* [Problem to work on]
Print the lines that run from the line with "kernel, so det" to the line with "by (cases x) auto", keeping both end lines, exactly as they appear in the entries below, and nothing else.

* [Information supplied]
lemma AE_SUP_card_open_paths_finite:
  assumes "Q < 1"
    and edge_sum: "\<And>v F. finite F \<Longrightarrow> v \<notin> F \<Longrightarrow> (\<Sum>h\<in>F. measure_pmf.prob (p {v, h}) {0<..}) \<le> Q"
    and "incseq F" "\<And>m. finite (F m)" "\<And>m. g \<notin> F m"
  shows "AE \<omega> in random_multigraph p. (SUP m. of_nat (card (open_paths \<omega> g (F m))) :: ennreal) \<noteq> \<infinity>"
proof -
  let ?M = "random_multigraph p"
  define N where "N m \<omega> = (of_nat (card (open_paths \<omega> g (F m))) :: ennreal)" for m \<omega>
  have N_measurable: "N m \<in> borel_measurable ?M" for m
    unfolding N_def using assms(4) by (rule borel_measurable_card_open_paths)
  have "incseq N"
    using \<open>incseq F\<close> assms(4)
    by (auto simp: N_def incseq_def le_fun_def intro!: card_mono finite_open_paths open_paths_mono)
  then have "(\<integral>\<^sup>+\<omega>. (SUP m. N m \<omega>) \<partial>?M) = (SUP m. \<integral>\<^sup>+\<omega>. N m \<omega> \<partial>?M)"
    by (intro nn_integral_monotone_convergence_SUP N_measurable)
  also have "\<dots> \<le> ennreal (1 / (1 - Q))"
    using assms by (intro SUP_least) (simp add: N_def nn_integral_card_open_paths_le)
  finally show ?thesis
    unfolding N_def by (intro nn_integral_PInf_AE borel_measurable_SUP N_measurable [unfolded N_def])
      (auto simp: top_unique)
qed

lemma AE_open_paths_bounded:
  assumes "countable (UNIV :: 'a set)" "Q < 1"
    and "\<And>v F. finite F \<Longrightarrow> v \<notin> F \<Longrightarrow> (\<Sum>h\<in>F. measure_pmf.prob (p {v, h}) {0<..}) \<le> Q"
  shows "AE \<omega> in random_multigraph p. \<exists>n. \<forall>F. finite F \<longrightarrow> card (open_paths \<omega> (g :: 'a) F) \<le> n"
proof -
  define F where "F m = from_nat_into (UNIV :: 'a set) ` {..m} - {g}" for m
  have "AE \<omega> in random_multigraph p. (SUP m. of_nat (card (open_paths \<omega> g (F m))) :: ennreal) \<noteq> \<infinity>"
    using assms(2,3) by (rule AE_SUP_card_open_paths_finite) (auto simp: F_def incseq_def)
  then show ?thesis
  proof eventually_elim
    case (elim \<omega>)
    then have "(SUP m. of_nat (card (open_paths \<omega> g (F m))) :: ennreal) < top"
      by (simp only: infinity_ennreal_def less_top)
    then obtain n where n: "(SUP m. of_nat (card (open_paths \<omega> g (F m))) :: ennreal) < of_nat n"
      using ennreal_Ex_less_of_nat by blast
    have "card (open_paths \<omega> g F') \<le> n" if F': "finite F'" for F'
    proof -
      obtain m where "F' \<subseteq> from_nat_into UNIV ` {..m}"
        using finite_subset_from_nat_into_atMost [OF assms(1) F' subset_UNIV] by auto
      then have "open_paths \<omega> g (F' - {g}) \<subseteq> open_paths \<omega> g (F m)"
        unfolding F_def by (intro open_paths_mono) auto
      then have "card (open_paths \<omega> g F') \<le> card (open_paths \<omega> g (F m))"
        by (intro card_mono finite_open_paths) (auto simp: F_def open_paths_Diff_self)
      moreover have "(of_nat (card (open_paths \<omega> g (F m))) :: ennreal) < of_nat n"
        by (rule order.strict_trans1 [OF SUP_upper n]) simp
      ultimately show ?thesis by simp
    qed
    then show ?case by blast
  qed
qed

...

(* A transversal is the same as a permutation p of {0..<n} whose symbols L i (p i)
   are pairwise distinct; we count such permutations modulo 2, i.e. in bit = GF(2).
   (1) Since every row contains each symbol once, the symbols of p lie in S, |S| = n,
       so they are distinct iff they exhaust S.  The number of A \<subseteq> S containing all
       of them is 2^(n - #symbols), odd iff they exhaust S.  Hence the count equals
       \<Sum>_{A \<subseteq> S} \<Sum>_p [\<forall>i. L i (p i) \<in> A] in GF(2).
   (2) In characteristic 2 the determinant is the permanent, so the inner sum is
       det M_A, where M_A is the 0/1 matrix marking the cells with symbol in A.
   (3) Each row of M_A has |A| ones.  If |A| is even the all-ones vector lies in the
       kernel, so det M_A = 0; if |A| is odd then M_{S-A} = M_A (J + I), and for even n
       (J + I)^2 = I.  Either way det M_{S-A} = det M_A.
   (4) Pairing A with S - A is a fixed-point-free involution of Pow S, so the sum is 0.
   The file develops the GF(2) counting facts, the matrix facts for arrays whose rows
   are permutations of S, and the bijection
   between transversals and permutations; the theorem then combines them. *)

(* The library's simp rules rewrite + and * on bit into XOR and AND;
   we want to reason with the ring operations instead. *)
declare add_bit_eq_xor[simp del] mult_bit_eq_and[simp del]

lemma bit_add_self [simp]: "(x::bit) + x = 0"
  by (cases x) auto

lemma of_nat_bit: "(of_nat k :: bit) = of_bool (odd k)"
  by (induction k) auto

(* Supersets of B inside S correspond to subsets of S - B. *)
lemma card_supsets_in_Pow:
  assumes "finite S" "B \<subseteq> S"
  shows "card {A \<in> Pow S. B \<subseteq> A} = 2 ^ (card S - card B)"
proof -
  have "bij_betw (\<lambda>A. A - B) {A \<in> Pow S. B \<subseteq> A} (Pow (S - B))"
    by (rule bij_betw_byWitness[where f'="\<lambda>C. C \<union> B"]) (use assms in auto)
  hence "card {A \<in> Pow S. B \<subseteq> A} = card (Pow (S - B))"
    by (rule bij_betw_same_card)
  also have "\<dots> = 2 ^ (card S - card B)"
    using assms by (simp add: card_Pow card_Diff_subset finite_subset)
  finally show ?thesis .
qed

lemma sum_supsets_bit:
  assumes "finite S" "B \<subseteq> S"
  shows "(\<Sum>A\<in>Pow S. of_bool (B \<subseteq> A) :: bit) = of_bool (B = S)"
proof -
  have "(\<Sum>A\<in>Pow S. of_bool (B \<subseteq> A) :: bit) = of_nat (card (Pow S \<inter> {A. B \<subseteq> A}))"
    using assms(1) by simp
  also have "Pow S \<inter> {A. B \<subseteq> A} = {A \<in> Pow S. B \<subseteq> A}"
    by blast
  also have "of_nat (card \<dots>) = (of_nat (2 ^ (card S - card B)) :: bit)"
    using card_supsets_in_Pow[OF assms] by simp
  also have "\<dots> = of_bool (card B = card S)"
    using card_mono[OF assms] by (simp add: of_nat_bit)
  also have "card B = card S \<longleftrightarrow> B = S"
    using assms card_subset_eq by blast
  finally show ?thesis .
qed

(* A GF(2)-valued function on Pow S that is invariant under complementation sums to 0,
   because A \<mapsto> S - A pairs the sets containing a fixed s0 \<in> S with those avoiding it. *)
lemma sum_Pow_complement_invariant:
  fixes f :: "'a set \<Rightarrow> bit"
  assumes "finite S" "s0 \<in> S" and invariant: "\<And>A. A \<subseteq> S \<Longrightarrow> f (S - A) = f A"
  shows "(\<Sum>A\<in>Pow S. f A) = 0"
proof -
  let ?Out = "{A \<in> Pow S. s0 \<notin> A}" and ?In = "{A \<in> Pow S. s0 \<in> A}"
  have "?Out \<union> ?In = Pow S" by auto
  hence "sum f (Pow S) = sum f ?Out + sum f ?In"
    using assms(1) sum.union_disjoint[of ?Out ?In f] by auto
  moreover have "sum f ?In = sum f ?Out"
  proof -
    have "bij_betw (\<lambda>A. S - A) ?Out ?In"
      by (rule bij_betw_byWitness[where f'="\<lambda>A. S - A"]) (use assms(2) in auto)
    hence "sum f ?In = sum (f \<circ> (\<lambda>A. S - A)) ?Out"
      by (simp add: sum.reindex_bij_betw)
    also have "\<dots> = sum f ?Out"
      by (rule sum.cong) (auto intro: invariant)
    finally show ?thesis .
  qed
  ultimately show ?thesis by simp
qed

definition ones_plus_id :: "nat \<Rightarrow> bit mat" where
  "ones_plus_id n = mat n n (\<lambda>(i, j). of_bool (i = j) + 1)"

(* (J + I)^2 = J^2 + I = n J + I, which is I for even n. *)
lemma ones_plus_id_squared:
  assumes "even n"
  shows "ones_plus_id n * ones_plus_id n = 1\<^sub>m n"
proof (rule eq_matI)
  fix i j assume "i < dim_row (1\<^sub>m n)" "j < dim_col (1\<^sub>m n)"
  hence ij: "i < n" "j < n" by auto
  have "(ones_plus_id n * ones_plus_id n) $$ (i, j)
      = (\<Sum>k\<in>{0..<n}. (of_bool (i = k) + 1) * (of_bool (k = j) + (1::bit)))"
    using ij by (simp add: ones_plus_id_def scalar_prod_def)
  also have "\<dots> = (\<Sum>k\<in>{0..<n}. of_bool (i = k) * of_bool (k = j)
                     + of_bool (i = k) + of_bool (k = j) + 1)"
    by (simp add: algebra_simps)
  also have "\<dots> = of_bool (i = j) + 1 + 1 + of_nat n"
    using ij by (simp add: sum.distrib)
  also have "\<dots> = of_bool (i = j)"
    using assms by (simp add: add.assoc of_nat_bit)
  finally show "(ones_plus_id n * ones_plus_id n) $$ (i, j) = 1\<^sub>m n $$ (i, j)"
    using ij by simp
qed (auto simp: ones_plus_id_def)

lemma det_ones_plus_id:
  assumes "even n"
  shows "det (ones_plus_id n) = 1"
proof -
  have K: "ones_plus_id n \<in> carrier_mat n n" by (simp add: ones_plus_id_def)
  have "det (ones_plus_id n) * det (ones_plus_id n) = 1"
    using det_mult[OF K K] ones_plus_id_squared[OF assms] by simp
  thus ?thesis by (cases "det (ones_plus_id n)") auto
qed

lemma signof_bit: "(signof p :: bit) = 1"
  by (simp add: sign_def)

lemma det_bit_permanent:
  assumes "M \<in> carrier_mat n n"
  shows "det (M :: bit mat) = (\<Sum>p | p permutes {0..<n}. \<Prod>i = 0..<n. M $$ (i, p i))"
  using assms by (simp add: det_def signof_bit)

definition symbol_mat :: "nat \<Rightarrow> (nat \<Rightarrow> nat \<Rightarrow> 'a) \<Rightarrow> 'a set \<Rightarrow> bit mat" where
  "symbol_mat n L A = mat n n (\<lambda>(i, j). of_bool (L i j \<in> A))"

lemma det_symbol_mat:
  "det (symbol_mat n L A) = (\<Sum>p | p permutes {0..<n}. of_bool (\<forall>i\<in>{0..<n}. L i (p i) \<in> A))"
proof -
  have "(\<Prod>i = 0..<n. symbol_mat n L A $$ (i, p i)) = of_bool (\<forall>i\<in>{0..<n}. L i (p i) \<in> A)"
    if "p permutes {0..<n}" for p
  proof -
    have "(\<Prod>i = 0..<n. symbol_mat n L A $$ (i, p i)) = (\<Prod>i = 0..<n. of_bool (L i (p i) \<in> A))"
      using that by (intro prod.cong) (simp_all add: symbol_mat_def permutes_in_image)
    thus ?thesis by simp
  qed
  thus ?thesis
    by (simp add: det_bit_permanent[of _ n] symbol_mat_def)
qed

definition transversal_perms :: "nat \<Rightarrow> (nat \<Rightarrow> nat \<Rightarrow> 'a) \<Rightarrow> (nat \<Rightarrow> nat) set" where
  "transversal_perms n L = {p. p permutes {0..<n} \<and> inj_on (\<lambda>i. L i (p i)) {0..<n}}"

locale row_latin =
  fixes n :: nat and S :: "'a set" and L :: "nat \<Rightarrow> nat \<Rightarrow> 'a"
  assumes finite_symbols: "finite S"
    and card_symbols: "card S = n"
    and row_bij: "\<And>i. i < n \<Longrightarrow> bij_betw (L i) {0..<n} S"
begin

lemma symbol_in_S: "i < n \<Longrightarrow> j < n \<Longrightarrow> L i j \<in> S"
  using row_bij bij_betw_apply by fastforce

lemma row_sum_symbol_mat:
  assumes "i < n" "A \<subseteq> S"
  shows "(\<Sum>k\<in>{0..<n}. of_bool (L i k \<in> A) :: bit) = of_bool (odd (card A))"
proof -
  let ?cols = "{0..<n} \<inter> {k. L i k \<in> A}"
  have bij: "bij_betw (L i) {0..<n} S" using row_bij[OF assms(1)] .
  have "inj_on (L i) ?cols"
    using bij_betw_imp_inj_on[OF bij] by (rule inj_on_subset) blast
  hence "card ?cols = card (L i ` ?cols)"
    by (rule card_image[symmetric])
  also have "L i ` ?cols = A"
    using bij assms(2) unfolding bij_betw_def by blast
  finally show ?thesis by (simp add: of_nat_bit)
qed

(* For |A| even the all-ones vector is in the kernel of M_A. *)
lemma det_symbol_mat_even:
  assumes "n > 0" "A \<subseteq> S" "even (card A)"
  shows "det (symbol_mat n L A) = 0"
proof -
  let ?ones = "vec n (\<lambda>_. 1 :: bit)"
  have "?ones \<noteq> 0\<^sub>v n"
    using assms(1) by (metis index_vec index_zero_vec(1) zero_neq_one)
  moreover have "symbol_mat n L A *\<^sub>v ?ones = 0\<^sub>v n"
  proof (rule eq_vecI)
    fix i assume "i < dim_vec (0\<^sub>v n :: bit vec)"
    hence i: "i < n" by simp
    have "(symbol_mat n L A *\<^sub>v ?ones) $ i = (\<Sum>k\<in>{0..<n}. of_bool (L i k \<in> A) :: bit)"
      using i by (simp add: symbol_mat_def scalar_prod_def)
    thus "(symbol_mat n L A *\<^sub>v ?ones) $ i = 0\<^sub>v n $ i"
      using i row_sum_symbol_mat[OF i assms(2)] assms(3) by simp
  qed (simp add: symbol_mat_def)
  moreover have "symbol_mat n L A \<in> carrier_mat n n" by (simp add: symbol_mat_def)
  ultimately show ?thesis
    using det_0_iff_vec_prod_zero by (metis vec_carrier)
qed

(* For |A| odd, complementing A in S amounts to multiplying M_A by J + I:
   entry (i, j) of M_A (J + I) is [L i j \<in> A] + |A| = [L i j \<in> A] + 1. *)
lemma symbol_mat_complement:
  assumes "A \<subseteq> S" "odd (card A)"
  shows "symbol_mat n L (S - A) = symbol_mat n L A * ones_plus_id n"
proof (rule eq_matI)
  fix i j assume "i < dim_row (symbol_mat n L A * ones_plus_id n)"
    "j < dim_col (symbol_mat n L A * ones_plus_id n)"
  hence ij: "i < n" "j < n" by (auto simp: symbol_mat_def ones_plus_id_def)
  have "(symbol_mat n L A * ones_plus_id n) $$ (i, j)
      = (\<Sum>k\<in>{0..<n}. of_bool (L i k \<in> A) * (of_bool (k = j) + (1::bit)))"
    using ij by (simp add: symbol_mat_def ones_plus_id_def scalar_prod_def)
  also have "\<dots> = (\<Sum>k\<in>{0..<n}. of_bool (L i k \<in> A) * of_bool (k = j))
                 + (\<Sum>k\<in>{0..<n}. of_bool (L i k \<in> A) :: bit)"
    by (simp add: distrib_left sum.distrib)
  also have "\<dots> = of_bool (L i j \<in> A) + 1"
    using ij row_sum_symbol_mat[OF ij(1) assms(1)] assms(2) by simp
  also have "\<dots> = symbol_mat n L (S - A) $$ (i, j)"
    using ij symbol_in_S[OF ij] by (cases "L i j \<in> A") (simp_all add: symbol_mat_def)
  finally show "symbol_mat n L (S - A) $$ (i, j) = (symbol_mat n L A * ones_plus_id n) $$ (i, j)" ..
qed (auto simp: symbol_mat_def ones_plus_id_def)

* [Your solution]
       kernel, so det M_A = 0; if |A| is odd then M_{S-A} = M_A (J + I), and for even n
       (J + I)^2 = I.  Either way det M_{S-A} = det M_A.
   (4) Pairing A with S - A is a fixed-point-free involution of Pow S, so the sum is 0.
   The file develops the GF(2) counting facts, the matrix facts for arrays whose rows
   are permutations of S, and the bijection
   between transversals and permutations; the theorem then combines them. *)

(* The library's simp rules rewrite + and * on bit into XOR and AND;
   we want to reason with the ring operations instead. *)
declare add_bit_eq_xor[simp del] mult_bit_eq_and[simp del]

lemma bit_add_self [simp]: "(x::bit) + x = 0"
  by (cases x) auto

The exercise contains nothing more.